definition adj :: "'a::complex_inner set \<Rightarrow> ('a \<Rightarrow> 'b::complex_inner) \<Rightarrow> 'b \<Rightarrow> 'a" where
  "adj S f v = (SOME w. \<forall>u\<in>S. cinner (f u) v = cinner u w)"

definition op_subset :: "'a set \<Rightarrow> ('a \<Rightarrow> 'b) \<Rightarrow> 'a set \<Rightarrow> ('a \<Rightarrow> 'b) \<Rightarrow> bool" where
  "op_subset T g S f \<longleftrightarrow> T \<subseteq> S \<and> (\<forall>x\<in>T. g x = f x)"

definition graph_inner :: "('a::complex_inner \<Rightarrow> 'b::complex_inner) \<Rightarrow> 'a \<Rightarrow> 'a \<Rightarrow> complex" where
  "graph_inner f u v = cinner u v + cinner (f u) (f v)"

text \<open>BD of the operator (SG, G) paired with (SD, D): the orthogonal complement,
  in dom(G) with the graph inner product, of dom(G-ring) = dom(-D*) = dom(D*).\<close>
definition BD :: "'a::complex_inner set \<Rightarrow> ('a \<Rightarrow> 'b::complex_inner) \<Rightarrow> 'b set \<Rightarrow> ('b \<Rightarrow> 'a) \<Rightarrow> 'a set" where
  "BD SG G SD D = {u \<in> SG. \<forall>v \<in> adj_dom SD D. graph_inner G u v = 0}"

end

theory Submission imports Defs begin

text \<open>The only analytic input is that a densely defined closed operator equals its
  double adjoint, proved by projecting onto its closed graph. Since \<open>-G\<^sup>* \<subseteq> D\<close> and \<open>G\<close> is
  closed, taking adjoints gives \<open>-D\<^sup>* \<subseteq> G\<close>. For \<open>u \<in> BD(G)\<close> the orthogonality condition
  \<open>(u, v) + (Gu, Gv) = 0\<close> on \<open>dom(D\<^sup>*)\<close> then reads \<open>(D\<^sup>* v, Gu) = (v, u)\<close>, so
  \<open>Gu \<in> dom(D\<^sup>*\<^sup>*) = dom(D)\<close> and \<open>DGu = u\<close>; hence \<open>(Gu, w) + (DGu, Dw) = (Gu, w) - (u, G\<^sup>* w) = 0\<close>
  on \<open>dom(G\<^sup>*)\<close>, i.e. \<open>Gu \<in> BD(D)\<close>. The second claim is the same argument with the roles
  of \<open>G\<close> and \<open>D\<close> exchanged.\<close>

lemma cinner_zero_left [simp]: "cinner 0 (y::'a::complex_inner) = 0"
  using cinner_add_left[of "0::'a" 0 y] by simp

lemma cinner_minus_left: "cinner (- x) (y::'a::complex_inner) = - cinner x y"
  using cinner_add_left[of x "-x" y] by (simp add: eq_neg_iff_add_eq_0 add.commute)

lemma cinner_diff_left: "cinner (x - z) (y::'a::complex_inner) = cinner x y - cinner z y"
  using cinner_add_left[of x "-z" y] by (simp add: cinner_minus_left)

lemma cinner_add_right: "cinner (x::'a::complex_inner) (y + z) = cinner x y + cinner x z"
  by (metis cinner_commute cinner_add_left complex_cnj_add)

lemma cinner_scaleC_right: "cinner (x::'a::complex_inner) (c *\<^sub>C y) = cnj c * cinner x y"
  by (metis cinner_commute cinner_scaleC_left complex_cnj_mult)

lemma cinner_zero_right [simp]: "cinner (x::'a::complex_inner) 0 = 0"
  by (metis cinner_commute cinner_zero_left complex_cnj_zero)

lemma cinner_minus_right: "cinner (x::'a::complex_inner) (- y) = - cinner x y"
  by (metis cinner_commute cinner_minus_left complex_cnj_minus)

lemma cinner_diff_right: "cinner (x::'a::complex_inner) (y - z) = cinner x y - cinner x z"
  by (metis cinner_commute cinner_diff_left complex_cnj_diff)
(* Let $G$ be a countable infinite discrete group and $\alpha: G\curvearrowright X$ a continuous action on an infinite compact Hausdorff space $X$ with weak paradoxical comparison. Let $F\subset X$ be closed and $O\subset X$ open, and suppose that for every closed $G$-invariant subset $Y\subset X$, $F\cap Y\neq\emptyset$ implies $O\cap Y\neq\emptyset$. Then $F\prec O$.
   Context: Subequivalence: for closed $F$ and open $O$, $F\prec O$ if there exist a finite open cover $\mathcal{U}$ of $F$ and $s_U\in G$ with the sets $s_UU$ pairwise disjoint subsets of $O$. Weak paradoxical comparison: for every closed $F$ and nonempty open $O$ with $F\subset G\cdot O=\bigcup_{g\in G}gO$, one has $F\prec O$. *)

theory Defs
  imports "HOL-Analysis.Analysis" "HOL-Algebra.Group"
begin

definition continuous_action :: "('g, 'b) monoid_scheme \<Rightarrow> ('g \<Rightarrow> 'x::topological_space \<Rightarrow> 'x) \<Rightarrow> bool" where
  "continuous_action G act \<longleftrightarrow> group G
     \<and> (\<forall>g\<in>carrier G. continuous_on UNIV (act g))
     \<and> act \<one>\<^bsub>G\<^esub> = id
     \<and> (\<forall>g\<in>carrier G. \<forall>h\<in>carrier G. act (g \<otimes>\<^bsub>G\<^esub> h) = act g \<circ> act h)"

definition subequiv :: "('g, 'b) monoid_scheme \<Rightarrow> ('g \<Rightarrow> 'x::topological_space \<Rightarrow> 'x) \<Rightarrow> 'x set \<Rightarrow> 'x set \<Rightarrow> bool" where
  "subequiv G act F V0 \<longleftrightarrow>
     (\<exists>UU s. finite UU \<and> (\<forall>U\<in>UU. open U) \<and> F \<subseteq> \<Union>UU
        \<and> (\<forall>U\<in>UU. s U \<in> carrier G \<and> act (s U) ` U \<subseteq> V0)
        \<and> (\<forall>U\<in>UU. \<forall>V\<in>UU. U \<noteq> V \<longrightarrow> act (s U) ` U \<inter> act (s V) ` V = {}))"

definition orbit_set :: "('g, 'b) monoid_scheme \<Rightarrow> ('g \<Rightarrow> 'x \<Rightarrow> 'x) \<Rightarrow> 'x set \<Rightarrow> 'x set" where
  "orbit_set G act V0 = (\<Union>g\<in>carrier G. act g ` V0)"

definition weak_paradoxical_comparison :: "('g, 'b) monoid_scheme \<Rightarrow> ('g \<Rightarrow> 'x::topological_space \<Rightarrow> 'x) \<Rightarrow> bool" where
  "weak_paradoxical_comparison G act \<longleftrightarrow>
     (\<forall>F V0. closed F \<and> open V0 \<and> V0 \<noteq> {} \<and> F \<subseteq> orbit_set G act V0 \<longrightarrow> subequiv G act F V0)"

definition invariant_set :: "('g, 'b) monoid_scheme \<Rightarrow> ('g \<Rightarrow> 'x \<Rightarrow> 'x) \<Rightarrow> 'x set \<Rightarrow> bool" where
  "invariant_set G act Y \<longleftrightarrow> (\<forall>g\<in>carrier G. act g ` Y \<subseteq> Y)"

end

theory Submission
  imports Defs
begin

text \<open>The complement of the orbit G\<cdot>O is closed (each g O is open) and invariant, and it
  misses O; by hypothesis it then misses F, i.e. F \<subseteq> G\<cdot>O, and weak paradoxical
  comparison gives F \<prec> O (if O is empty, so is F).\<close>

lemma continuous_action_group: "continuous_action G act \<Longrightarrow> group G"
  by (simp add: continuous_action_def)

lemma continuous_action_one_apply: "continuous_action G act \<Longrightarrow> act \<one>\<^bsub>G\<^esub> x = x"
  by (simp add: continuous_action_def)

lemma continuous_action_mult_apply:
  "continuous_action G act \<Longrightarrow> g \<in> carrier G \<Longrightarrow> h \<in> carrier G
    \<Longrightarrow> act (g \<otimes>\<^bsub>G\<^esub> h) x = act g (act h x)"
  by (simp add: continuous_action_def)

lemma continuous_action_inv_left:
  assumes "continuous_action G act" and "g \<in> carrier G"
  shows "act (inv\<^bsub>G\<^esub> g) (act g x) = x"
proof -
  interpret group G by (rule continuous_action_group[OF assms(1)])
  have "act (inv\<^bsub>G\<^esub> g) (act g x) = act (inv\<^bsub>G\<^esub> g \<otimes>\<^bsub>G\<^esub> g) x"
    using continuous_action_mult_apply[OF assms(1) inv_closed[OF assms(2)] assms(2)] by (rule sym)
  also have "\<dots> = x" using assms by (simp add: continuous_action_one_apply)
  finally show ?thesis .
qed

lemma continuous_action_image_eq_vimage:
  assumes "continuous_action G act" and "g \<in> carrier G"
  shows "act g ` U = act (inv\<^bsub>G\<^esub> g) -` U"
proof -
  interpret group G by (rule continuous_action_group[OF assms(1)])
  have inv_right: "act g (act (inv\<^bsub>G\<^esub> g) y) = y" for y
    using continuous_action_inv_left[OF assms(1) inv_closed[OF assms(2)]] assms(2) by simp
  show ?thesis
  proof
    show "act g ` U \<subseteq> act (inv\<^bsub>G\<^esub> g) -` U"
      using continuous_action_inv_left[OF assms] by auto
    show "act (inv\<^bsub>G\<^esub> g) -` U \<subseteq> act g ` U"
      using inv_right by (metis image_eqI subsetI vimageD)
  qed
qed

lemma open_image_continuous_action:
  assumes "continuous_action G act" and "g \<in> carrier G" and "open U"
  shows "open (act g ` U)"
proof -
  interpret group G by (rule continuous_action_group[OF assms(1)])
  have "continuous_on UNIV (act (inv\<^bsub>G\<^esub> g))"
    using assms(1,2) by (simp add: continuous_action_def)
  then show ?thesis
    using assms by (simp add: continuous_action_image_eq_vimage open_vimage)
qed

lemma open_orbit_set:
  assumes "continuous_action G act" and "open U"
  shows "open (orbit_set G act U)"
  unfolding orbit_set_def
  by (intro open_UN ballI open_image_continuous_action[OF assms(1) _ assms(2)])

lemma subset_orbit_set:
  assumes "continuous_action G act"
  shows "U \<subseteq> orbit_set G act U"
proof
  fix x assume "x \<in> U"
  then have "x \<in> act \<one>\<^bsub>G\<^esub> ` U" by (simp add: continuous_action_one_apply[OF assms])
  moreover have "\<one>\<^bsub>G\<^esub> \<in> carrier G"
    by (simp add: group.is_monoid monoid.one_closed continuous_action_group[OF assms])
  ultimately show "x \<in> orbit_set G act U" unfolding orbit_set_def by blast
qed

lemma invariant_set_Compl_orbit_set:
  assumes "continuous_action G act"
  shows "invariant_set G act (- orbit_set G act U)"
  unfolding invariant_set_def
proof (intro ballI subsetI)
  interpret group G by (rule continuous_action_group[OF assms])
  fix g y assume g: "g \<in> carrier G" and "y \<in> act g ` (- orbit_set G act U)"
  then obtain x where x: "x \<notin> orbit_set G act U" and y: "y = act g x" by auto
  show "y \<in> - orbit_set G act U"
  proof
    assume "y \<in> orbit_set G act U"
    then obtain h z where h: "h \<in> carrier G" and z: "z \<in> U" and yz: "y = act h z"
      unfolding orbit_set_def by auto
    have "x = act (inv\<^bsub>G\<^esub> g) (act h z)"
      using continuous_action_inv_left[OF assms g] y yz by simp
    also have "\<dots> = act (inv\<^bsub>G\<^esub> g \<otimes>\<^bsub>G\<^esub> h) z"
      using assms g h by (simp add: continuous_action_mult_apply)
    finally have "x \<in> orbit_set G act U"
      using g h z unfolding orbit_set_def by blast
    with x show False ..
  qed
qed

lemma subset_orbit_set_if_invariant_sets_meet:
  assumes "continuous_action G act" and "open Op"
    and "\<And>Y. closed Y \<Longrightarrow> invariant_set G act Y \<Longrightarrow> F \<inter> Y \<noteq> {} \<Longrightarrow> Op \<inter> Y \<noteq> {}"
  shows "F \<subseteq> orbit_set G act Op"
proof -
  let ?Y = "- orbit_set G act Op"
  have "closed ?Y" using open_orbit_set[OF assms(1,2)] by (simp add: closed_Compl)
  moreover have "Op \<inter> ?Y = {}" using subset_orbit_set[OF assms(1)] by blast
  ultimately have "F \<inter> ?Y = {}"
    using assms(3) invariant_set_Compl_orbit_set[OF assms(1)] by blast
  then show ?thesis by blast
qed

lemma subequiv_empty: "subequiv G act {} V"
  unfolding subequiv_def by (rule exI[of _ "{}"]) simp

theorem lemma4p10:
  fixes G :: "('g, 'b) monoid_scheme"
    and act :: "'g \<Rightarrow> 'x::t2_space \<Rightarrow> 'x"
    and F Op :: "'x set"
  assumes "continuous_action G act"
    and "countable (carrier G)" and "infinite (carrier G)"
    and "compact (UNIV :: 'x set)" and "infinite (UNIV :: 'x set)"
    and "weak_paradoxical_comparison G act"
    and "closed F" and "open Op"
    and "\<And>Y. closed Y \<Longrightarrow> invariant_set G act Y \<Longrightarrow> F \<inter> Y \<noteq> {} \<Longrightarrow> Op \<inter> Y \<noteq> {}"
  shows "subequiv G act F Op"
proof -
  have F_orbit: "F \<subseteq> orbit_set G act Op"
    using subset_orbit_set_if_invariant_sets_meet[OF assms(1,8,9)] .
  show ?thesis
  proof (cases "Op = {}")
    case True
    with F_orbit have "F = {}" by (simp add: orbit_set_def)
    then show ?thesis by (simp add: subequiv_empty)
  next
    case False
    then show ?thesis
      using assms(6-8) F_orbit by (simp add: weak_paradoxical_comparison_def)
  qed
qed

end
(* Let $n\ge1$, $0<\epsilon\le1$, $0\le\tau<1$, and let $G=(V,E)$ be a comparison graph with $|E|\ge1$. Let $P$ be a distribution on $[n]$ with $\|P-U_n\|\ge\epsilon$ and $|E|(\mu_P-\mu_P^2)< c(G)(\gamma_P-\mu_P^2)$. If $c(G)\le \dfrac{|E|^2(1-\tau)^2\epsilon^2}{16\sqrt n}$, then the collision-based algorithm $(G,\tau)$ outputs YES on $P$ with probability at most $1/4$.
   Context: $U_n$ is the uniform distribution on $[n]$; $\|P-Q\|=\sum_i|P_i-Q_i|$. $\mu_P=\sum_iP_i^2$, $\gamma_P=\sum_iP_i^3$. A comparison graph is a finite simple undirected graph $G=(V,E)$; $c(G)$ is the number of ordered triples $(u,v,w)$ of distinct vertices with $\{u,v\},\{v,w\}\in E$. Given $P$, each vertex $v$ receives an independent sample $S(v)\sim P$; for $e=\{u,v\}\in E$, $\mathbf 1_e=\mathbf 1[S(u)=S(v)]$; $Z=\sum_{e\in E}\mathbf 1_e$ and $T=|E|\frac{1+\tau\epsilon^2}{n}$; the algorithm $(G,\tau)$ outputs YES if $Z<T$ and NO otherwise. *)

theory Defs
  imports Main "HOL-Library.FuncSet" Complex_Main
begin

definition comparison_graph :: "'a set \<Rightarrow> 'a set set \<Rightarrow> bool" where
  "comparison_graph V E \<longleftrightarrow> finite V \<and>
     (\<forall>e\<in>E. \<exists>u v. u \<in> V \<and> v \<in> V \<and> u \<noteq> v \<and> e = {u, v})"

definition cG :: "'a set \<Rightarrow> 'a set set \<Rightarrow> nat" where
  "cG V E = card {(u, v, w). u \<in> V \<and> v \<in> V \<and> w \<in> V \<and> u \<noteq> v \<and> v \<noteq> w \<and> u \<noteq> w
                 \<and> {u, v} \<in> E \<and> {v, w} \<in> E}"

definition is_distr :: "nat \<Rightarrow> (nat \<Rightarrow> real) \<Rightarrow> bool" where
  "is_distr n P \<longleftrightarrow> (\<forall>i\<in>{1..n}. P i \<ge> 0) \<and> (\<Sum>i\<in>{1..n}. P i) = 1"

definition dist_unif :: "nat \<Rightarrow> (nat \<Rightarrow> real) \<Rightarrow> real" where
  "dist_unif n P = (\<Sum>i\<in>{1..n}. \<bar>P i - 1 / real n\<bar>)"

definition muP :: "nat \<Rightarrow> (nat \<Rightarrow> real) \<Rightarrow> real" where
  "muP n P = (\<Sum>i\<in>{1..n}. P i ^ 2)"

definition gammaP :: "nat \<Rightarrow> (nat \<Rightarrow> real) \<Rightarrow> real" where
  "gammaP n P = (\<Sum>i\<in>{1..n}. P i ^ 3)"

definition collisions :: "'a set set \<Rightarrow> ('a \<Rightarrow> nat) \<Rightarrow> nat" where
  "collisions E S = card {e \<in> E. \<forall>x\<in>e. \<forall>y\<in>e. S x = S y}"

definition outputs_yes :: "nat \<Rightarrow> real \<Rightarrow> real \<Rightarrow> 'a set set \<Rightarrow> ('a \<Rightarrow> nat) \<Rightarrow> bool" where
  "outputs_yes n \<tau> \<epsilon> E S \<longleftrightarrow>
     real (collisions E S) < real (card E) * (1 + \<tau> * \<epsilon>^2) / real n"

definition prob_yes :: "nat \<Rightarrow> (nat \<Rightarrow> real) \<Rightarrow> real \<Rightarrow> real \<Rightarrow> 'a set \<Rightarrow> 'a set set \<Rightarrow> real" where
  "prob_yes n P \<tau> \<epsilon> V E =
     (\<Sum>S\<in>(V \<rightarrow>\<^sub>E {1..n}). if outputs_yes n \<tau> \<epsilon> E S then (\<Prod>v\<in>V. P (S v)) else 0)"

end

theory Submission
  imports Defs
begin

= = = =

■ **WHAT THE TASK REQUIRES**
Within the material, count each line that includes the word "complement", and give the total by itself.

■ **REPLY**
2